[Input Boundary: Start]
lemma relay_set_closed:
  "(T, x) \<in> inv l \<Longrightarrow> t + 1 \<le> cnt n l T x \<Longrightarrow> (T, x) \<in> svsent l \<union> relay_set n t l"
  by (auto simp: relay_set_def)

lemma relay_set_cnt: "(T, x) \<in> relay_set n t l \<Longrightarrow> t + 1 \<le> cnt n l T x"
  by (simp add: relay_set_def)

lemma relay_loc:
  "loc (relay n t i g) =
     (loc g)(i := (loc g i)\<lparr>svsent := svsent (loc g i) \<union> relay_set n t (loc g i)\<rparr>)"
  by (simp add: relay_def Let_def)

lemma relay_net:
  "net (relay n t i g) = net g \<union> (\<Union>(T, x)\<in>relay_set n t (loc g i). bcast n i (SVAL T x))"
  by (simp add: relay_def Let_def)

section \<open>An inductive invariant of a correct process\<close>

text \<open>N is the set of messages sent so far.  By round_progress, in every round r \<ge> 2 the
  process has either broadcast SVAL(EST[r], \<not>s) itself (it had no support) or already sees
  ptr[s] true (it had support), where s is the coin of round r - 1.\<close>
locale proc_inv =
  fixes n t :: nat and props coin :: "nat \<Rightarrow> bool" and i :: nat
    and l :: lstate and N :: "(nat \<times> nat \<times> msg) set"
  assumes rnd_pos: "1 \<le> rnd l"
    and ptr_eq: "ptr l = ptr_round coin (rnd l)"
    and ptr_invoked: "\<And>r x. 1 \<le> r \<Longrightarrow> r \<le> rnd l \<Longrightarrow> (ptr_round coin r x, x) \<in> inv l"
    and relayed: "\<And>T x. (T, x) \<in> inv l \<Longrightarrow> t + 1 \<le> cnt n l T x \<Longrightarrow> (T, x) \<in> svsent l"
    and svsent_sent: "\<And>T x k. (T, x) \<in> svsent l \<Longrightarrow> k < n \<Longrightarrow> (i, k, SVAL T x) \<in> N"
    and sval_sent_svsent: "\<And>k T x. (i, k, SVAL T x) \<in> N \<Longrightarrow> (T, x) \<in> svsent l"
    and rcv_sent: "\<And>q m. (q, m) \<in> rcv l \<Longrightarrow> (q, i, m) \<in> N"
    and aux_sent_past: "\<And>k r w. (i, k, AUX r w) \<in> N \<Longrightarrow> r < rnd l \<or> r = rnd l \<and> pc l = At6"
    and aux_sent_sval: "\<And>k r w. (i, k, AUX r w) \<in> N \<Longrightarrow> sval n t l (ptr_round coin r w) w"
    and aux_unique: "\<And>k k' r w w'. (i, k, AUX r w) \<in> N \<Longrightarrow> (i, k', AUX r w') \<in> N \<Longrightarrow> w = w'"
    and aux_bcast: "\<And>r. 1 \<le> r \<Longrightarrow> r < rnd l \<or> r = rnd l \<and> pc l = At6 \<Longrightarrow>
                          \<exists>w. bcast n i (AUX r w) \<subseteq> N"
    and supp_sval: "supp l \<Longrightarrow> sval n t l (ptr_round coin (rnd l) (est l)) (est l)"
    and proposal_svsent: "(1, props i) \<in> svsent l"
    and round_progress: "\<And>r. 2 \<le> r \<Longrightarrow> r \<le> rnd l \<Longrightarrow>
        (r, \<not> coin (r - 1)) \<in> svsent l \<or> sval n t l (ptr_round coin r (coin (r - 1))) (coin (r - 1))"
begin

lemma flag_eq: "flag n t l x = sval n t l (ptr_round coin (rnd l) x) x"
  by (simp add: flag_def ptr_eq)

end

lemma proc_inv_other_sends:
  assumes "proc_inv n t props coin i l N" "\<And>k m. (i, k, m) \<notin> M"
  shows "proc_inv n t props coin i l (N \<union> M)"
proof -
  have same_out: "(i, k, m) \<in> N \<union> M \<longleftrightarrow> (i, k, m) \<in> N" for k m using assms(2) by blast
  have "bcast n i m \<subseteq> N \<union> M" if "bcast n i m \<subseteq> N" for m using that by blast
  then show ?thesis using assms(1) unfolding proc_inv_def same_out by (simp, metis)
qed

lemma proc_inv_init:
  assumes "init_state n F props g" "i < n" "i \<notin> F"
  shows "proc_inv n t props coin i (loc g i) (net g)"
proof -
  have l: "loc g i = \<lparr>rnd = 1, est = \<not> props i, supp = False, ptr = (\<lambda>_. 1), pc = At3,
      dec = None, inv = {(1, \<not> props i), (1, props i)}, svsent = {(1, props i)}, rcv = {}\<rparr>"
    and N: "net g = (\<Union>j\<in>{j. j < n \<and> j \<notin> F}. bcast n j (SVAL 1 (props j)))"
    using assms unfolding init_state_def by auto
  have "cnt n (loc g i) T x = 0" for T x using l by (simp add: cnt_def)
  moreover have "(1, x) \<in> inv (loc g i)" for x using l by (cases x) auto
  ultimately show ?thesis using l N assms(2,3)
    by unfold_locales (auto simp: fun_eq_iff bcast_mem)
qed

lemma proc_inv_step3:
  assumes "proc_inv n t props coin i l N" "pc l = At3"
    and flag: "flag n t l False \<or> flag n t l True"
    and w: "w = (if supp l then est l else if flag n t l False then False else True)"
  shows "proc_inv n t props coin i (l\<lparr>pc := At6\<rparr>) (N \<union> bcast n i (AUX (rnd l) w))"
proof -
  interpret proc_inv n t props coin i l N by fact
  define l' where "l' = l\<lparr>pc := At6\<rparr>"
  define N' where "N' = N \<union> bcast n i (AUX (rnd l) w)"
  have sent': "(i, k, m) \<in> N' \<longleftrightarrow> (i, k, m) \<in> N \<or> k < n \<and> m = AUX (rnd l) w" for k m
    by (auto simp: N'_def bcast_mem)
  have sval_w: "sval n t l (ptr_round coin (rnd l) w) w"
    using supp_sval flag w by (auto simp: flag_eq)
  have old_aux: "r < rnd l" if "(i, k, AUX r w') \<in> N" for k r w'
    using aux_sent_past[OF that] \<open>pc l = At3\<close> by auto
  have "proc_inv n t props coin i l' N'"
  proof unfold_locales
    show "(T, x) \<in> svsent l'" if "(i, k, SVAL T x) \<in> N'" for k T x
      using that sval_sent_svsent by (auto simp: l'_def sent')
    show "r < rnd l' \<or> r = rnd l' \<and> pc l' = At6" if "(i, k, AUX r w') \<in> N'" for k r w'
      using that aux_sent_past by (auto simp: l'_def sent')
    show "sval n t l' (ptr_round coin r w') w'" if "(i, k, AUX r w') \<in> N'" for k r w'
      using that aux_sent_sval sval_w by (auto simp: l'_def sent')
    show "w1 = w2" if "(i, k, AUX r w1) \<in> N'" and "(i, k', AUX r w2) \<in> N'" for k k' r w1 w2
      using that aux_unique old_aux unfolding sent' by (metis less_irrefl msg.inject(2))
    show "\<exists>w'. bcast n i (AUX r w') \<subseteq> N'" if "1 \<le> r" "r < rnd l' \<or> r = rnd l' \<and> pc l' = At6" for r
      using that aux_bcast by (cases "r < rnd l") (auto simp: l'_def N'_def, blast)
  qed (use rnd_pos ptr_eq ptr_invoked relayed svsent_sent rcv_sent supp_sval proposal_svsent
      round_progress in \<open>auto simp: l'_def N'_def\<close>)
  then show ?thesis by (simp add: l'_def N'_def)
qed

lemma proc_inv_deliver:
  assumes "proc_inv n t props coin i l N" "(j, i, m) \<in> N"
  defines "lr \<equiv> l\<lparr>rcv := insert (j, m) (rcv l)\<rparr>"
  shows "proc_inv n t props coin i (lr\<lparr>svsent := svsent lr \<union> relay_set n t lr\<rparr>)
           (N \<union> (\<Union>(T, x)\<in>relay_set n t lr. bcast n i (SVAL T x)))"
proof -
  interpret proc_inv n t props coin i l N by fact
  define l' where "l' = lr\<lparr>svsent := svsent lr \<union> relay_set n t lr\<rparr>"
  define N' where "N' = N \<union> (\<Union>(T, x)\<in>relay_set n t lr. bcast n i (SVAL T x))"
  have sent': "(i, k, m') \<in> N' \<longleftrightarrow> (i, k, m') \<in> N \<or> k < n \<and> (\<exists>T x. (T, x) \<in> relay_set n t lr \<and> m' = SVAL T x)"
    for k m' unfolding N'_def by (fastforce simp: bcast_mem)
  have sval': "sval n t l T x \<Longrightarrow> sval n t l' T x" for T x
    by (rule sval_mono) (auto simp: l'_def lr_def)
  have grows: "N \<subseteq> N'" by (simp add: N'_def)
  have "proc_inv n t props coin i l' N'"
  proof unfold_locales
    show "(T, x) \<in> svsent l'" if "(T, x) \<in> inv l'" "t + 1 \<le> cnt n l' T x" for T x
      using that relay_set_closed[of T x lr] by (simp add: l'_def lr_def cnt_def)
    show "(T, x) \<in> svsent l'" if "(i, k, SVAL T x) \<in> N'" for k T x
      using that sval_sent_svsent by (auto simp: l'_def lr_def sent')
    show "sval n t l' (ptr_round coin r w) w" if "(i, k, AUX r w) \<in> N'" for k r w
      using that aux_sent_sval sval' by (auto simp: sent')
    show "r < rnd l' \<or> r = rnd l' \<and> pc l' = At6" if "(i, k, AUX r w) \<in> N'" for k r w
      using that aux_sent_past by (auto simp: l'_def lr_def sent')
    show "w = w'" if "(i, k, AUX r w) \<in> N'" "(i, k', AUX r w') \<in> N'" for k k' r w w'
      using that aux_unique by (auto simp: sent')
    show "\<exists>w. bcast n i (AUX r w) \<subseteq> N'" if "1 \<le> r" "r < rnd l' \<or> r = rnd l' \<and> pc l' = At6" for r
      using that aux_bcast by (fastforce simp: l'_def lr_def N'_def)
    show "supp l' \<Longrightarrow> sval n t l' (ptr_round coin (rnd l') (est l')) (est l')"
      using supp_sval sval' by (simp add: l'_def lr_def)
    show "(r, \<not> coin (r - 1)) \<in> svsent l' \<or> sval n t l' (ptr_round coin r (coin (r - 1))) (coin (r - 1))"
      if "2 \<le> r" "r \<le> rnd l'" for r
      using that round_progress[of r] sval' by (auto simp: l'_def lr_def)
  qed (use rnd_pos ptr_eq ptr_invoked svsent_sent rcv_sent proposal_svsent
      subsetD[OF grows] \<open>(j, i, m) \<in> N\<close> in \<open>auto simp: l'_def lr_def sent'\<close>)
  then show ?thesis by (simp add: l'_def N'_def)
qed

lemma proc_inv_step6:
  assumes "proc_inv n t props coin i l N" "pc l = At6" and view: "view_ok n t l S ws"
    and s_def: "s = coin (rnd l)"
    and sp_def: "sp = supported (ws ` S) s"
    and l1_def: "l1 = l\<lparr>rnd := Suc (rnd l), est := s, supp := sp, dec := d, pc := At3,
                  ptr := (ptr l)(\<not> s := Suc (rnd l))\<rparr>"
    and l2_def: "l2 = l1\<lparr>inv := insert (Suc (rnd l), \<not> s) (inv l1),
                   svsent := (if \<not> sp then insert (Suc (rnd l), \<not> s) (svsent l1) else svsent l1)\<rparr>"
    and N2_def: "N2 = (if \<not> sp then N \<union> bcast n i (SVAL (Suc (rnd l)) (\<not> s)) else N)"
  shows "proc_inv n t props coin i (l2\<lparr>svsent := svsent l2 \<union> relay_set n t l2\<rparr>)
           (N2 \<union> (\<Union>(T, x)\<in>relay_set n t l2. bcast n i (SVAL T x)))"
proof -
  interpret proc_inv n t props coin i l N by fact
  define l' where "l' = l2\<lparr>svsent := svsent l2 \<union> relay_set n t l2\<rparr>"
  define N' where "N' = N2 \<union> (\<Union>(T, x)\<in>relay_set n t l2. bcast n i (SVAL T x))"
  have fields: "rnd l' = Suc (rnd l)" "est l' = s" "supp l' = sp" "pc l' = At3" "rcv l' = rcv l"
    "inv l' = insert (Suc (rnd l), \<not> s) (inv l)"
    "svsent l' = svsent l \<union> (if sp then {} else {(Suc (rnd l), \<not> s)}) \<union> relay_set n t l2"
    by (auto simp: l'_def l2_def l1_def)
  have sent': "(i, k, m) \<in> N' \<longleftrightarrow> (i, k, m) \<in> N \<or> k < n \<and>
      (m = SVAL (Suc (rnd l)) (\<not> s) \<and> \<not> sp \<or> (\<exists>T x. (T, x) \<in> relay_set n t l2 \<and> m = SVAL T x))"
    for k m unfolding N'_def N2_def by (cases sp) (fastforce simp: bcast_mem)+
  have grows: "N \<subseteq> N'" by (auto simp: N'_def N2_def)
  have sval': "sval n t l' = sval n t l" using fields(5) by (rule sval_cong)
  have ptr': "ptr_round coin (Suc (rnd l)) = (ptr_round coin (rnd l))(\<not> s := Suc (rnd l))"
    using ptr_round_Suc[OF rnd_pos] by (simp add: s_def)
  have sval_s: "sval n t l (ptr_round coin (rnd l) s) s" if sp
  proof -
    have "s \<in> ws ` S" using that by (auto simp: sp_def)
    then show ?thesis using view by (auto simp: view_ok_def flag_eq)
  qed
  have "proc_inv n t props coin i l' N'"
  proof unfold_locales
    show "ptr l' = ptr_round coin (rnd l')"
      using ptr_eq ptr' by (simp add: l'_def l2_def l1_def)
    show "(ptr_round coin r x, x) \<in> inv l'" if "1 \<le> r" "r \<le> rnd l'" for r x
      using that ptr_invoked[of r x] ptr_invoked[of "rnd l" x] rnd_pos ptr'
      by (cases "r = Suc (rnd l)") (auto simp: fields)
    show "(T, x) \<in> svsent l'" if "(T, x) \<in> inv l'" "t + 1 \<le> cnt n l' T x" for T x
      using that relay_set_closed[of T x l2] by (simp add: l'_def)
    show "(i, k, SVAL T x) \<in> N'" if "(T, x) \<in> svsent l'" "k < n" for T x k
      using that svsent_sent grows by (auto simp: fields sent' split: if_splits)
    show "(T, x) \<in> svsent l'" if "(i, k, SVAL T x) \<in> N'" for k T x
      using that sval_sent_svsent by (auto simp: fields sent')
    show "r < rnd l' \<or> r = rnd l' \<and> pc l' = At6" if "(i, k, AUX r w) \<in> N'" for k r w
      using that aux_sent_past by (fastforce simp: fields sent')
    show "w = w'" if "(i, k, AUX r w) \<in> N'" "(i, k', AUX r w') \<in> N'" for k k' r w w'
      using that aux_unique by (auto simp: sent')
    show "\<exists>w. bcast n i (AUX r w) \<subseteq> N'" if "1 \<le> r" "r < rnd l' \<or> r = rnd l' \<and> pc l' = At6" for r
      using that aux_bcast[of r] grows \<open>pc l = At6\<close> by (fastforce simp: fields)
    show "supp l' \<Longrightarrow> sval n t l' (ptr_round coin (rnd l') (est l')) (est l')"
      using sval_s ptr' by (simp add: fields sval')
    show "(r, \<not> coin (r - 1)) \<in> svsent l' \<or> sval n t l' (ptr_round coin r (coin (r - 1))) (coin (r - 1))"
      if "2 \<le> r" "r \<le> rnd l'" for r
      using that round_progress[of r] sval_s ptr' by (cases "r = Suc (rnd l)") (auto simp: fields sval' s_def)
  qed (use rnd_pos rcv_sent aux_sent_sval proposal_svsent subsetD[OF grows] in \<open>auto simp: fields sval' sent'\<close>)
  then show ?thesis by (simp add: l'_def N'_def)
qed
[Input Boundary: End]
*Exercise directions*
Go line by line through the material above and return each one that includes "False".

*Exercise output*
  have l: "loc g i = \<lparr>rnd = 1, est = \<not> props i, supp = False, ptr = (\<lambda>_. 1), pc = At3,
    and flag: "flag n t l False \<or> flag n t l True"
    and w: "w = (if supp l then est l else if flag n t l False then False else True)"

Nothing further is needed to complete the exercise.